*SUPPLIED DATA:*
========
lemma compact_between_imp_way_below_opens:
  assumes "compact K" "U \<subseteq> K" "K \<subseteq> V"
  shows "way_below {U :: 'a::topological_space set. open U} (\<subseteq>) U V"
  unfolding way_below_def
proof (intro allI impI, elim conjE)
  fix D s assume dir: "directed_in {U. open U} (\<subseteq>) D"
    and sup: "is_sup_in {U. open U} (\<subseteq>) D s" and "V \<subseteq> s"
  have DO: "D \<subseteq> {U. open U}" using dir by (simp add: directed_in_def)
  have "K \<subseteq> \<Union>D"
    using is_sup_in_opens_eq_Union[OF DO sup] assms(3) \<open>V \<subseteq> s\<close> by simp
  then obtain F where "F \<subseteq> D" "finite F" "K \<subseteq> \<Union>F"
    using compactE[OF \<open>compact K\<close>] DO by blast
  moreover obtain d where "d \<in> D" "\<forall>f\<in>F. f \<subseteq> d"
    using directed_in_finite_upper_bound[OF dir \<open>finite F\<close> \<open>F \<subseteq> D\<close>] by blast
  ultimately show "\<exists>d\<in>D. U \<subseteq> d" using assms(2) by blast
qed

text \<open>Apply \<open>U \<ll> UNIV\<close> to the directed family \<open>\<Union>F \<union> - C\<close>, \<open>F\<close> a finite
  subfamily of a given open cover of \<open>C\<close>.\<close>
lemma way_below_UNIV_opens_imp_compact:
  assumes wb: "way_below {U :: 'a::topological_space set. open U} (\<subseteq>) U UNIV"
    and "closed C" "C \<subseteq> U"
  shows "compact C"
  unfolding compact_eq_Heine_Borel
proof (intro allI impI, elim conjE)
  fix \<C> assume "\<forall>c\<in>\<C>. open c" "C \<subseteq> \<Union>\<C>"
  define D where "D = (\<lambda>F. \<Union>F \<union> - C) ` {F. F \<subseteq> \<C> \<and> finite F}"
  have memD: "\<Union>F \<union> - C \<in> D" if "F \<subseteq> \<C>" "finite F" for F
    unfolding D_def using that by simp
  have DO: "D \<subseteq> {U. open U}"
    unfolding D_def using \<open>\<forall>c\<in>\<C>. open c\<close> \<open>closed C\<close> by auto
  have dir: "directed_in {U. open U} (\<subseteq>) D"
    unfolding directed_in_def
  proof (intro conjI ballI)
    show "D \<noteq> {}" using memD[of "{}"] by blast
    fix a b assume "a \<in> D" "b \<in> D"
    then obtain F1 F2 where F: "F1 \<subseteq> \<C>" "finite F1" "a = \<Union>F1 \<union> - C"
      "F2 \<subseteq> \<C>" "finite F2" "b = \<Union>F2 \<union> - C"
      unfolding D_def by auto
    then have "\<Union>(F1 \<union> F2) \<union> - C \<in> D" by (intro memD) auto
    moreover have "a \<subseteq> \<Union>(F1 \<union> F2) \<union> - C" "b \<subseteq> \<Union>(F1 \<union> F2) \<union> - C"
      using F(3,6) by auto
    ultimately show "\<exists>c\<in>D. a \<subseteq> c \<and> b \<subseteq> c" by blast
  qed (rule DO)
  have "\<Union>D = UNIV"
  proof (intro set_eqI iffI)
    fix z :: 'a
    show "z \<in> \<Union>D"
    proof (cases "z \<in> C")
      case True
      then obtain c where "c \<in> \<C>" "z \<in> c" using \<open>C \<subseteq> \<Union>\<C>\<close> by blast
      then show ?thesis using memD[of "{c}"] by blast
    next
      case False
      then show ?thesis using memD[of "{}"] by blast
    qed
  qed simp
  then obtain d where "d \<in> D" "U \<subseteq> d"
    using way_belowD[OF wb dir is_sup_in_opens_Union[OF DO]] by auto
  then obtain F where "F \<subseteq> \<C>" "finite F" "U \<subseteq> \<Union>F \<union> - C"
    unfolding D_def by blast
  then show "\<exists>F\<subseteq>\<C>. finite F \<and> C \<subseteq> \<Union>F"
    using \<open>C \<subseteq> U\<close> by blast
qed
========
*WHAT IS REQUIRED:*
Retype every line up to and including the one that contains "fix D s assume", beginning at the first line of the records, with no edits.

*WRITTEN ANSWER:*
lemma compact_between_imp_way_below_opens:
  assumes "compact K" "U \<subseteq> K" "K \<subseteq> V"
  shows "way_below {U :: 'a::topological_space set. open U} (\<subseteq>) U V"
  unfolding way_below_def
proof (intro allI impI, elim conjE)
  fix D s assume dir: "directed_in {U. open U} (\<subseteq>) D"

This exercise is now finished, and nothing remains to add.